> [Activity]
From the line with "by (auto simp: eventually_at_top_linorder)" through the final line below, restate each line word for word and return nothing else.

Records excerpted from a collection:
+ + +
text \<open>Where $f(u) < 0$ on a tail, $r^{n-1} u'$ increases there; since $u \to 0$, this forces
  $u' < 0$ on the whole tail.\<close>
lemma tail_decreasing:
  assumes c: "0 < c" and R: "0 < R" and f_neg: "\<And>r. R \<le> r \<Longrightarrow> f (u r) \<le> - c * u r"
    and r: "R \<le> r"
  shows "u' r < 0"
proof (rule ccontr)
  define w where "w r = r ^ (n - 1) * u' r" for r
  assume "\<not> u' r < 0"
  then have w_r: "0 \<le> w r" unfolding w_def using r R by simp
  have u'_pos: "0 < u' x" if x: "r < x" for x
  proof -
    obtain z where z: "r < z" "z < x" "w x - w r = (x - r) * - (z ^ (n - 1) * f (u z))"
      using MVT2[OF x, of w "\<lambda>z. - (z ^ (n - 1) * f (u z))"] weighted_slope_deriv r R
      unfolding w_def by force
    have "0 < c * u z" using c u_pos[of z] z r R by simp
    then have "f (u z) < 0" using f_neg[of z] z r by linarith
    then have "0 < (x - r) * - (z ^ (n - 1) * f (u z))"
      using z r R by (simp add: mult_pos_neg)
    then have "0 < x ^ (n - 1) * u' x" using z(3) w_r unfolding w_def by linarith
    then show ?thesis using x r R by (simp add: zero_less_mult_iff)
  qed
  have u_grows: "u (r + 1) \<le> u x" if "r + 1 \<le> x" for x
  proof (rule DERIV_nonneg_imp_nondecreasing[OF that])
    fix y assume "r + 1 \<le> y" "y \<le> x"
    then show "\<exists>d. (u has_real_derivative d) (at y) \<and> 0 \<le> d"
      using u_deriv u'_pos[of y] r R by (intro exI[of _ "u' y"]) auto
  qed
  obtain N where "\<And>x. N \<le> x \<Longrightarrow> u x < u (r + 1)"
    using order_tendstoD(2)[OF u_decays u_pos[of "r + 1"]] r R
    by (auto simp: eventually_at_top_linorder)
  then have "u (max N (r + 1)) < u (r + 1)" by simp
  moreover have "u (r + 1) \<le> u (max N (r + 1))" by (rule u_grows) simp
  ultimately show False by linarith
qed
+ + +
> [Answer to this problem]
    by (auto simp: eventually_at_top_linorder)
  then have "u (max N (r + 1)) < u (r + 1)" by simp
  moreover have "u (r + 1) \<le> u (max N (r + 1))" by (rule u_grows) simp
  ultimately show False by linarith
qed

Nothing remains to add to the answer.